─── Data listing

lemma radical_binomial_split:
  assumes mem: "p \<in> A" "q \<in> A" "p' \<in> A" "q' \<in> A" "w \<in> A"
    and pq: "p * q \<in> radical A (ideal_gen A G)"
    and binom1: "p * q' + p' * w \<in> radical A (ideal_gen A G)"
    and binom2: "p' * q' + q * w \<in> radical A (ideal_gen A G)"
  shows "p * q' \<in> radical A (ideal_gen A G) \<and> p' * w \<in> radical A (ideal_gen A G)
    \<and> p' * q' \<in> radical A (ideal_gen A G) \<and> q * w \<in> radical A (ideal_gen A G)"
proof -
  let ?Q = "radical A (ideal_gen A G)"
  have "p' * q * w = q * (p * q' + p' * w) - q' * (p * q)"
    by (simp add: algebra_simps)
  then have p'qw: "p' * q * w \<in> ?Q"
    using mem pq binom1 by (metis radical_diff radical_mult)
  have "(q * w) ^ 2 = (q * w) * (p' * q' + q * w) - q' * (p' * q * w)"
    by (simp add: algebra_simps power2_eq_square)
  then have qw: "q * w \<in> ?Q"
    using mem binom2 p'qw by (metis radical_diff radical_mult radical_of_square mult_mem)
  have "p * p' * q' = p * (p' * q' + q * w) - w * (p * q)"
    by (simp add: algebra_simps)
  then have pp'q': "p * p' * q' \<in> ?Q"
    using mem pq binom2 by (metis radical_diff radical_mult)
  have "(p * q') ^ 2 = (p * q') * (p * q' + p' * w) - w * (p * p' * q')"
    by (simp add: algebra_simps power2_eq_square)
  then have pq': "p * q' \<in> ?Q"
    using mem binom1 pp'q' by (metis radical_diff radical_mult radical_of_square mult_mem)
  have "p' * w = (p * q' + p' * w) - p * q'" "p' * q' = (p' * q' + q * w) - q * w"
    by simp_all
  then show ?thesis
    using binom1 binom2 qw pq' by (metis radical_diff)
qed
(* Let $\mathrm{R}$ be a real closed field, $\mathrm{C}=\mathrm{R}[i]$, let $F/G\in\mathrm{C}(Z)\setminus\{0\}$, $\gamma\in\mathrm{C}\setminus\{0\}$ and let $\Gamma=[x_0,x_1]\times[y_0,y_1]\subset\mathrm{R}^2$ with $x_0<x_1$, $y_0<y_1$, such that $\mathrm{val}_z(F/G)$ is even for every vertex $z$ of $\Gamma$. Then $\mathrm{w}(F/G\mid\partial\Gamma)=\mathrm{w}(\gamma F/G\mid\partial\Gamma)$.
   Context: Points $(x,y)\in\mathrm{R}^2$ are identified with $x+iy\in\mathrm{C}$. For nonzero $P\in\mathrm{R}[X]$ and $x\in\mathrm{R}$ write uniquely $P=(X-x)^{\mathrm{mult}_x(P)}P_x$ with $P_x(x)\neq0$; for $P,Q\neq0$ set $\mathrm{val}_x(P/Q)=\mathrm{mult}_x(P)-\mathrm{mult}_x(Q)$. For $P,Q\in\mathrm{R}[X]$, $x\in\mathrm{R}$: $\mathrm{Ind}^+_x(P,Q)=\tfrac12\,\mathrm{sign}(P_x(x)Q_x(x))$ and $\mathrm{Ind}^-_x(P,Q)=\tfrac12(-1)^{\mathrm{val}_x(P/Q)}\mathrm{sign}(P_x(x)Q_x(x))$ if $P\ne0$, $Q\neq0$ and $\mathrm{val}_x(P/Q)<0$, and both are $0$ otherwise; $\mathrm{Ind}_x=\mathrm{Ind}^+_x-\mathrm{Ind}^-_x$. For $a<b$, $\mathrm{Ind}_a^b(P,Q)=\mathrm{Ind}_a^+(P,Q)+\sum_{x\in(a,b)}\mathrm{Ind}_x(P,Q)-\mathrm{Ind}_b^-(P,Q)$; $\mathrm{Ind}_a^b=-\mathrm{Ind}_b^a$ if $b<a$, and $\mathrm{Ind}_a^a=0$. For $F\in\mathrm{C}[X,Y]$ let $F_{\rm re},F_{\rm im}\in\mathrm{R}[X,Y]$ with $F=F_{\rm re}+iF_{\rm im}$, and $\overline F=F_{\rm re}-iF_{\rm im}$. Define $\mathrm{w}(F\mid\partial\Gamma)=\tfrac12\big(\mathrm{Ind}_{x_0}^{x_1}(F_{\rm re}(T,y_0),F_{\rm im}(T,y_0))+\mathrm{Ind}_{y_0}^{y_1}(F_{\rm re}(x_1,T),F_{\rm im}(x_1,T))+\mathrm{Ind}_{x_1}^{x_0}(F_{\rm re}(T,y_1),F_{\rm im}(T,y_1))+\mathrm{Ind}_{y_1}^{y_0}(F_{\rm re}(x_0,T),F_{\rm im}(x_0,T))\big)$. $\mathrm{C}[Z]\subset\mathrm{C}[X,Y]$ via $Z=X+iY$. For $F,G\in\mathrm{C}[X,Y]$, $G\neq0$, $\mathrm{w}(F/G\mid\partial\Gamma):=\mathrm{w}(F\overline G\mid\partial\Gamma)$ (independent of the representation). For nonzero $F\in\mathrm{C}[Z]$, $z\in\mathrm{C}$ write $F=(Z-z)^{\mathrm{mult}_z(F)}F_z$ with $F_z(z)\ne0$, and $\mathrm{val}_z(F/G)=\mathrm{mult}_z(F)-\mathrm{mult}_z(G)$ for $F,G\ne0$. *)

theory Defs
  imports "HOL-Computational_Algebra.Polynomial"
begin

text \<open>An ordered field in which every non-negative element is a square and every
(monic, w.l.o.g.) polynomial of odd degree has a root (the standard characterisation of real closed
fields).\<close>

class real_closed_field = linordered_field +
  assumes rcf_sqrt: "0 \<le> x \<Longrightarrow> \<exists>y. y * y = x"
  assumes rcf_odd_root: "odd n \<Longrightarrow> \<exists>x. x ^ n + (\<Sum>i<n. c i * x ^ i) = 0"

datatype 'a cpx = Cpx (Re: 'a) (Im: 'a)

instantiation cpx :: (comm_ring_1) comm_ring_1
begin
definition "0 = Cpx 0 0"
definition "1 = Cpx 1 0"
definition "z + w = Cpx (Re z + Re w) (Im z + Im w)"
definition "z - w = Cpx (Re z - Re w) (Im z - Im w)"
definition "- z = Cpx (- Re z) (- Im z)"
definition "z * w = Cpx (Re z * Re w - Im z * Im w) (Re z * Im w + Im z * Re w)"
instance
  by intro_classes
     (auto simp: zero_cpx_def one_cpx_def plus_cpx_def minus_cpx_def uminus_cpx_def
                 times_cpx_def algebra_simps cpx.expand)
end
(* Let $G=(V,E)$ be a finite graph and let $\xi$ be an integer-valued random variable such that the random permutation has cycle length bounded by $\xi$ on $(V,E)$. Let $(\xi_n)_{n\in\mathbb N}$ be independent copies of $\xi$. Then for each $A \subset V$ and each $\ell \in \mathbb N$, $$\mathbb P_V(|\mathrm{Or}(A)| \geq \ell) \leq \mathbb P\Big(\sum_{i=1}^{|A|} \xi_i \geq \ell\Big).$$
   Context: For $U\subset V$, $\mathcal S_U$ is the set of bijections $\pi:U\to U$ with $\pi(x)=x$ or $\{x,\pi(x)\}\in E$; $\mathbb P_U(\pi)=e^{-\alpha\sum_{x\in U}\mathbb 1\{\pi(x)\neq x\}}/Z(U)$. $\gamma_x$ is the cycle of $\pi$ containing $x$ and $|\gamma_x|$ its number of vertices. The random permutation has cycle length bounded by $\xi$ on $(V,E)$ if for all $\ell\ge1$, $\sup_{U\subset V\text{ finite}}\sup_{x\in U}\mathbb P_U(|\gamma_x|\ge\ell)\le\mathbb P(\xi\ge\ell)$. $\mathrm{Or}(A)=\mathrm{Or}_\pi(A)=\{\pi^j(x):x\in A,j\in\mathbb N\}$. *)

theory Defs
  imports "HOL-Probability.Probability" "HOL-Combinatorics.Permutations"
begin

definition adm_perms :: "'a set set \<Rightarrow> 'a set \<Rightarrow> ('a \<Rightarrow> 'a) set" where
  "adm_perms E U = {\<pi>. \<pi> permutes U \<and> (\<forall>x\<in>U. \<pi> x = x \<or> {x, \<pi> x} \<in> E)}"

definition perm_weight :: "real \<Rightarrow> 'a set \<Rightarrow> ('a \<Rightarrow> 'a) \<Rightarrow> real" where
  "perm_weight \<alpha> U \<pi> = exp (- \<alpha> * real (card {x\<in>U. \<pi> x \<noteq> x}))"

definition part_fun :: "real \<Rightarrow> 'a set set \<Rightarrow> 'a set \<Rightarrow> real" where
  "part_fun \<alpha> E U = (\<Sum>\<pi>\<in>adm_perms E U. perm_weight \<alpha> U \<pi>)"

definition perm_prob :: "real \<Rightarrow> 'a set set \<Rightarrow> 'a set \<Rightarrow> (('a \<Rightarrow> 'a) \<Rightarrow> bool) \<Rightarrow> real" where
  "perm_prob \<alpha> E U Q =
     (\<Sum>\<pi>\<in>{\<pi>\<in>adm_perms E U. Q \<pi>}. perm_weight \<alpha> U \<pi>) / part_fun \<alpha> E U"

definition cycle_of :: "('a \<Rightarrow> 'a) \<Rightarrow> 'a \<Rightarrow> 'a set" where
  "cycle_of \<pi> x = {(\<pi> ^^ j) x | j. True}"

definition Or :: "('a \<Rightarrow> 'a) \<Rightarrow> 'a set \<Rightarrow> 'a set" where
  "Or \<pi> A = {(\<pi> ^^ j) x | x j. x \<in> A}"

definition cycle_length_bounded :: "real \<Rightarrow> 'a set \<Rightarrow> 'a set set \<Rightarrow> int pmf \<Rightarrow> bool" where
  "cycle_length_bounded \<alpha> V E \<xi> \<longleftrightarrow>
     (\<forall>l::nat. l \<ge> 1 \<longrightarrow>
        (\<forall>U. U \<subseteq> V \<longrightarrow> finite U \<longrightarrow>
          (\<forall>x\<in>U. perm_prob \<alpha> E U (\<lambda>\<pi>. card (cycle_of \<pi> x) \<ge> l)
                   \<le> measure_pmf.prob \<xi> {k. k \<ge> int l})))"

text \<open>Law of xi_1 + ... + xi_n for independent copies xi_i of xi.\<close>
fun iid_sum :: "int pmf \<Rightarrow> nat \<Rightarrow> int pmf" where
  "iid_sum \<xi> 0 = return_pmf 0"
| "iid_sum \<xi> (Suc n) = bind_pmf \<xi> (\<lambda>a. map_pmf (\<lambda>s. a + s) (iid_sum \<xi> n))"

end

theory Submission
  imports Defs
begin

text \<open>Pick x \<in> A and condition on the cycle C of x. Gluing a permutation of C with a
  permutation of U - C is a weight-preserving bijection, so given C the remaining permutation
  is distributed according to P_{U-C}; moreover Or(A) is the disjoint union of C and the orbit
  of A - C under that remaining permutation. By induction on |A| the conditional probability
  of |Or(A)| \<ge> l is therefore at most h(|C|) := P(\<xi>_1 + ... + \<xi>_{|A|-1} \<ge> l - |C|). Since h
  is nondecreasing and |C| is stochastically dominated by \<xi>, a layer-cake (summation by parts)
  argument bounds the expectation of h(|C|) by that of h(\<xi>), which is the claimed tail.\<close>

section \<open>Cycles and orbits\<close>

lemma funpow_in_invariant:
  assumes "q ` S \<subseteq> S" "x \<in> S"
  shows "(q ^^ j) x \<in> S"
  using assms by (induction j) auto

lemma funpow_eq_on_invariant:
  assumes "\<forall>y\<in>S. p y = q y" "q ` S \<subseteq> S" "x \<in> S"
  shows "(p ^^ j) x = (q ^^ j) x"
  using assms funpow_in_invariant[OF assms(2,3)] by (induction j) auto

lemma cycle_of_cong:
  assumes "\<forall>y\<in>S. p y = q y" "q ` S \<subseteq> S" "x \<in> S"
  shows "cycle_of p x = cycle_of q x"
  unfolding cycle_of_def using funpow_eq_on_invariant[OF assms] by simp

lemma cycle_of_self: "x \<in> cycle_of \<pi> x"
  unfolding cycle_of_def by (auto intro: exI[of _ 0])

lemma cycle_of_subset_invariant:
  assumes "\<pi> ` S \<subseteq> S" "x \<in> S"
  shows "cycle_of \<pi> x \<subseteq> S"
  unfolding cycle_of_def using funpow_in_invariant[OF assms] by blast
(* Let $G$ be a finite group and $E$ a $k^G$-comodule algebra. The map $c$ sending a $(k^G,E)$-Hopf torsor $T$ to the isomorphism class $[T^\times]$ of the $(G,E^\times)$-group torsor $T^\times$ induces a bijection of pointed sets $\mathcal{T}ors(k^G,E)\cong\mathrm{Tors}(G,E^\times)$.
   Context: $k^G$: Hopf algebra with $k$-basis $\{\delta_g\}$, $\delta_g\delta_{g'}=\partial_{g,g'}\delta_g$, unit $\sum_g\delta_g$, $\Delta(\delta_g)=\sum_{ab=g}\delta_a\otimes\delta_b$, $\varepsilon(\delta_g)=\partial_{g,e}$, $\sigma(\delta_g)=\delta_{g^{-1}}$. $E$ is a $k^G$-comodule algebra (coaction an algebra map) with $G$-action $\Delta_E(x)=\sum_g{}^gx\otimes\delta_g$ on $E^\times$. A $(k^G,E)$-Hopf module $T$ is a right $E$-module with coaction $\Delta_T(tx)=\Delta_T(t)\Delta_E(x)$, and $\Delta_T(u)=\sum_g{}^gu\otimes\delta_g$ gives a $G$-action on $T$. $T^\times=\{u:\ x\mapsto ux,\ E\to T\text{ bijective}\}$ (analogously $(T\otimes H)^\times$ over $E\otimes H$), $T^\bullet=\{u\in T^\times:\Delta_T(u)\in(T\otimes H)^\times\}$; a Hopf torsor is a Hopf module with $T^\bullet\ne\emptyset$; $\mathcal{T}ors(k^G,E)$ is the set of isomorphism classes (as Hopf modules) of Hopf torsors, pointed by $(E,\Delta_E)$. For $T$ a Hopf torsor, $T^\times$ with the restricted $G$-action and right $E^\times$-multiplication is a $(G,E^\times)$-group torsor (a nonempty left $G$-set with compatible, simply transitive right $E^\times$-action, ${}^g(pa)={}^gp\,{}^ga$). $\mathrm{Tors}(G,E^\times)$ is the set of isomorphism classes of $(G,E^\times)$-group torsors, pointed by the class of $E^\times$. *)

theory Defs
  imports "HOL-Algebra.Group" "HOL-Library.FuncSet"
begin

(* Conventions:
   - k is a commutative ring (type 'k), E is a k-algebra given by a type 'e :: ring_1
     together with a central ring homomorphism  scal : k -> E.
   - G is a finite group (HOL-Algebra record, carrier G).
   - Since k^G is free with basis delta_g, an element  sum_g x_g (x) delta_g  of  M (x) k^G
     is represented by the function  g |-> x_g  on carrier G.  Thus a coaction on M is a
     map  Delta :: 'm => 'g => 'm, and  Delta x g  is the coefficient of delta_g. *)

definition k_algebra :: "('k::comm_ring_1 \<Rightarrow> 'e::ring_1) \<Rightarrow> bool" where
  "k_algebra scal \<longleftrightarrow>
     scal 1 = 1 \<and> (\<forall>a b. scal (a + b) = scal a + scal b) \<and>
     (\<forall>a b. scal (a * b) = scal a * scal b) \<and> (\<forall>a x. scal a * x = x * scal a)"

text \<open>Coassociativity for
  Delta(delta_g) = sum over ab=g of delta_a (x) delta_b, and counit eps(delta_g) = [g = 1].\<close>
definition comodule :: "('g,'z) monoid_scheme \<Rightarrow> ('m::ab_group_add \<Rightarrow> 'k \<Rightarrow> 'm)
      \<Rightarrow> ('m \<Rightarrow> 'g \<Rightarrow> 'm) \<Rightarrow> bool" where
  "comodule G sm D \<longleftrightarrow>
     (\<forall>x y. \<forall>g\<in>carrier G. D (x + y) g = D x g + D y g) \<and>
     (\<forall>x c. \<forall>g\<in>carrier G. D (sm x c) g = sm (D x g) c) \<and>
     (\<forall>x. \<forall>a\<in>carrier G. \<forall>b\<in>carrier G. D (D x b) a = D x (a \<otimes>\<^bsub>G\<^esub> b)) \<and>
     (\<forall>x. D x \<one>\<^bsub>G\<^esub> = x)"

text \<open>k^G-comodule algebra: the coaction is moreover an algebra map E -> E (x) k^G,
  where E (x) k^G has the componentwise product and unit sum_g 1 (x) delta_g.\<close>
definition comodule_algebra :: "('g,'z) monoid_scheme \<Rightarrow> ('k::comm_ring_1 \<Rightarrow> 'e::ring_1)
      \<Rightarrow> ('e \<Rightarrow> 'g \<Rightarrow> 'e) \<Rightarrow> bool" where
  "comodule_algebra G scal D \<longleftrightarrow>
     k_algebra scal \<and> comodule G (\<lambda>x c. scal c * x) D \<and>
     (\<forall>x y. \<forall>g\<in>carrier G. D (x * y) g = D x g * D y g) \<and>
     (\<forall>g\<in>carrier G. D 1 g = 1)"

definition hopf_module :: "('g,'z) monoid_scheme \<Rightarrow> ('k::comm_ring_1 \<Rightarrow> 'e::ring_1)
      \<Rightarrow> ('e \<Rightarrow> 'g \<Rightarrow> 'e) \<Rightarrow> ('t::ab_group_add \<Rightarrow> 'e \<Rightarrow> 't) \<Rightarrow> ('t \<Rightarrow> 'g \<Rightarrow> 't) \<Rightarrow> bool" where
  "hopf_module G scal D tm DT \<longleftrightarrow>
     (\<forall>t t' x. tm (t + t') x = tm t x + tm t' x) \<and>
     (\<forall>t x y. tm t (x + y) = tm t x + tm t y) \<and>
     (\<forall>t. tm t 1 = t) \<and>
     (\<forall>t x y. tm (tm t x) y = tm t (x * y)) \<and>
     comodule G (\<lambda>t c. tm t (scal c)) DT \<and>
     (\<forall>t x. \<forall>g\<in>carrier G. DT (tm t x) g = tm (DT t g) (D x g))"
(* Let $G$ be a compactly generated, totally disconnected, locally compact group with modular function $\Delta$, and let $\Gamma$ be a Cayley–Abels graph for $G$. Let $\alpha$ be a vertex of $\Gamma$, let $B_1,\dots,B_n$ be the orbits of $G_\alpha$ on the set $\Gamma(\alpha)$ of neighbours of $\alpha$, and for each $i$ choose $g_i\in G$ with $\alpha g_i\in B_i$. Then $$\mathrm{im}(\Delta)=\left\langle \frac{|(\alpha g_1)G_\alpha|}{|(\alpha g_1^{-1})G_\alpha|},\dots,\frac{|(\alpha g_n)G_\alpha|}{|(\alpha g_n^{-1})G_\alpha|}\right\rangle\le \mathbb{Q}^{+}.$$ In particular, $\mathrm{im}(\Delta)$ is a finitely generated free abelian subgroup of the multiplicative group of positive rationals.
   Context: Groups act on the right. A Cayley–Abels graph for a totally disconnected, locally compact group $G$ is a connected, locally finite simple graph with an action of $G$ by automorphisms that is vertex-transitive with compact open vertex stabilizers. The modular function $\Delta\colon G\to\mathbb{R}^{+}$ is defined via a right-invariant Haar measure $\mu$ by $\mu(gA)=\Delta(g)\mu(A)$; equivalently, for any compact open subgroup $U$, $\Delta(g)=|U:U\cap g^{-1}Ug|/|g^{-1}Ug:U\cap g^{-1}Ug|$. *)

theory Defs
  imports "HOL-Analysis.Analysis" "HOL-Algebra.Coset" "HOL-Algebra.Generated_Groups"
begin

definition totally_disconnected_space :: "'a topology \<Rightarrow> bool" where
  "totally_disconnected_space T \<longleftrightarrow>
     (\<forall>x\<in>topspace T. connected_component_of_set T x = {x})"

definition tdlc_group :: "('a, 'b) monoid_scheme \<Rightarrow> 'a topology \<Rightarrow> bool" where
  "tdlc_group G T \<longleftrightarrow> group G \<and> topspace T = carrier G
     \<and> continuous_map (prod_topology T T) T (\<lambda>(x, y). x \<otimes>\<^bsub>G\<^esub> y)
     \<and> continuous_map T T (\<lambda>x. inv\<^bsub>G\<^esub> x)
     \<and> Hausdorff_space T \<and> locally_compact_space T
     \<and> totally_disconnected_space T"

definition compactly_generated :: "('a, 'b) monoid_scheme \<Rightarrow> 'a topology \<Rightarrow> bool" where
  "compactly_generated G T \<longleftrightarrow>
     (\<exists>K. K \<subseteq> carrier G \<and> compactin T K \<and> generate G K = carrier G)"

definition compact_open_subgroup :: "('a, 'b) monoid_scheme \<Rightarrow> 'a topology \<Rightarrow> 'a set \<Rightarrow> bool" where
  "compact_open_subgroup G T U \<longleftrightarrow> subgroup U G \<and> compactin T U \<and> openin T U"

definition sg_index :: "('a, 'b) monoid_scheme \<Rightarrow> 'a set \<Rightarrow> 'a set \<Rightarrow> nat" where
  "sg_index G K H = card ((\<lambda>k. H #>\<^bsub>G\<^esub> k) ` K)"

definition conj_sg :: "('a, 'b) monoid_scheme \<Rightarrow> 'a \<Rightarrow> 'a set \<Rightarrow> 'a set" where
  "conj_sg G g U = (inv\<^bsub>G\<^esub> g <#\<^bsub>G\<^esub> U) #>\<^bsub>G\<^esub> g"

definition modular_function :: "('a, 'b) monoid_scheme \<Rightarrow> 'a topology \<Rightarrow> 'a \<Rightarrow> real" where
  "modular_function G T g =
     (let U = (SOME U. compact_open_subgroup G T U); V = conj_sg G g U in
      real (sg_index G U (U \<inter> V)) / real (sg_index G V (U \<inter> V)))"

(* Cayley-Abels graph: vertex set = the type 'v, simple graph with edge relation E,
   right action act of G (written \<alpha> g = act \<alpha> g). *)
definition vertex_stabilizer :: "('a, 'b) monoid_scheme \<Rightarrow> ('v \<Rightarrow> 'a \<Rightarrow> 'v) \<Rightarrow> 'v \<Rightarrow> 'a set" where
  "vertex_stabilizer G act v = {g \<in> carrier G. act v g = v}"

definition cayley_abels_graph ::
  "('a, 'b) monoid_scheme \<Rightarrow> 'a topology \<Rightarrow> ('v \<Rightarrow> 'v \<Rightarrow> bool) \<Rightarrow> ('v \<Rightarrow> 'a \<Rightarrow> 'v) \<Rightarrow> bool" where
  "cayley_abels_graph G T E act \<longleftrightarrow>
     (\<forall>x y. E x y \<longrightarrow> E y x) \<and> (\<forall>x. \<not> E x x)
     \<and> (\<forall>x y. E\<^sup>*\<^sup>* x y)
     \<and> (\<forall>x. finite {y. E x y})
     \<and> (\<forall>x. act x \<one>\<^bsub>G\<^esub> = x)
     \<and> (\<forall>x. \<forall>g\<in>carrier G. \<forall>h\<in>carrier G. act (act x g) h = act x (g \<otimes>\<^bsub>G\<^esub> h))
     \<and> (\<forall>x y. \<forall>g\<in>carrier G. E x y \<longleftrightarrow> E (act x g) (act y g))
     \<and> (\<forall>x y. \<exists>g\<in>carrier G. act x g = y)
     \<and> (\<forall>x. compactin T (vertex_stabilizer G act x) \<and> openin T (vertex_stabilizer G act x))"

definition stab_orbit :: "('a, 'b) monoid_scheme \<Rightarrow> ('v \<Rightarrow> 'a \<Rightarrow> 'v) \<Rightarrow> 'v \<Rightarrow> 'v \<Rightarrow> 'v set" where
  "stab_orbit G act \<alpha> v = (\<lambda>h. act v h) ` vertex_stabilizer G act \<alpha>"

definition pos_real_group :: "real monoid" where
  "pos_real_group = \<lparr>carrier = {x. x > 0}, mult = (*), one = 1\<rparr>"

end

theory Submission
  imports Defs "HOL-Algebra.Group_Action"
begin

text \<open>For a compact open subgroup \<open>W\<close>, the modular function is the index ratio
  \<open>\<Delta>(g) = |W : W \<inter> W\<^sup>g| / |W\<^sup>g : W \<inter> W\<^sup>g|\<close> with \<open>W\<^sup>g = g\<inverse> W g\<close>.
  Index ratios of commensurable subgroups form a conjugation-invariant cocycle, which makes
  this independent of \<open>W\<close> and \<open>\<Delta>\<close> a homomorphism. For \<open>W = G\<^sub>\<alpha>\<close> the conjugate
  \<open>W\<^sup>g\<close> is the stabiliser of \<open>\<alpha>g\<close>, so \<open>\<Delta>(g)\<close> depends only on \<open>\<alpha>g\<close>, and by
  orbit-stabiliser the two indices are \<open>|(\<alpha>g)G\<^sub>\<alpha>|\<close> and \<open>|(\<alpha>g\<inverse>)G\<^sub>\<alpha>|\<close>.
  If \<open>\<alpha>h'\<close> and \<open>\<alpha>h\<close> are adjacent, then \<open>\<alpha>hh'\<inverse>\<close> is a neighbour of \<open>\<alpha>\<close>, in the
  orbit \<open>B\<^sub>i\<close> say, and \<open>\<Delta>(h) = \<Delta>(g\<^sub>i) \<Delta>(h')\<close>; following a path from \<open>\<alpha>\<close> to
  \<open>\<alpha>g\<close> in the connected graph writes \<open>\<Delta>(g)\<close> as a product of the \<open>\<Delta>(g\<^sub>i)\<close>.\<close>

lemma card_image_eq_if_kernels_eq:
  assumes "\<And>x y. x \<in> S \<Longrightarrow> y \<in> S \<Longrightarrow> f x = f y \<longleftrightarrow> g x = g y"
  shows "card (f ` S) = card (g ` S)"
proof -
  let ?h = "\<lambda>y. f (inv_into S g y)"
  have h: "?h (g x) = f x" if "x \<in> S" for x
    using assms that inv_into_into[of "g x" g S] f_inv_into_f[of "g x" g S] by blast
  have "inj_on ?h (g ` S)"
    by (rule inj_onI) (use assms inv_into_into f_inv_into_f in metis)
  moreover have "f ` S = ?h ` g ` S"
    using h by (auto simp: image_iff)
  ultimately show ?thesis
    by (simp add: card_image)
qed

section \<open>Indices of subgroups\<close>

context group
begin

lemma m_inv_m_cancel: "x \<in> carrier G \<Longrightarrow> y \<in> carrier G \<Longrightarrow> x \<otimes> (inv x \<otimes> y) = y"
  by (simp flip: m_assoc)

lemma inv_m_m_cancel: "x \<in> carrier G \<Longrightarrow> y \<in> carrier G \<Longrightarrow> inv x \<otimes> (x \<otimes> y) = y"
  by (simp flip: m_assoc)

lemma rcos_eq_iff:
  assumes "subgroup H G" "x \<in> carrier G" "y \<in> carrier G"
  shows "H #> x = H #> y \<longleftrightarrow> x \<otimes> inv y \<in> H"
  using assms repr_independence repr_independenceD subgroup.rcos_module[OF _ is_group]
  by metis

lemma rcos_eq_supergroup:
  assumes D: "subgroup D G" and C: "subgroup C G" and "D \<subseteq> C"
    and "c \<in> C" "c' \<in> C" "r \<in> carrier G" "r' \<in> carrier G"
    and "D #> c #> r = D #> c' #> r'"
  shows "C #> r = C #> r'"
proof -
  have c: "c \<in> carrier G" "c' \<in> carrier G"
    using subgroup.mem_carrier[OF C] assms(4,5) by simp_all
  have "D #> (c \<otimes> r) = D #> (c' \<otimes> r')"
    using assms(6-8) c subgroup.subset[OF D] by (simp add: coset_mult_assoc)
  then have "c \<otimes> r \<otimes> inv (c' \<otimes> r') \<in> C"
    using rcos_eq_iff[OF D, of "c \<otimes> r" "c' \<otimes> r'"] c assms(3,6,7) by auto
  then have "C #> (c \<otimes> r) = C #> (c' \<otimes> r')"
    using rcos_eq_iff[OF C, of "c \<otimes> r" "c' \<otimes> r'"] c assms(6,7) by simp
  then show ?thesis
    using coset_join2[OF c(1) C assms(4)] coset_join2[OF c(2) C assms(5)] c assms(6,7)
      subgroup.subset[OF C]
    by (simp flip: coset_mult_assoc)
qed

──────

## Aim of the task
Locate the lines above that hold the word "topspace". Show every one of them.

## Expected output
     (\<forall>x\<in>topspace T. connected_component_of_set T x = {x})"
  "tdlc_group G T \<longleftrightarrow> group G \<and> topspace T = carrier G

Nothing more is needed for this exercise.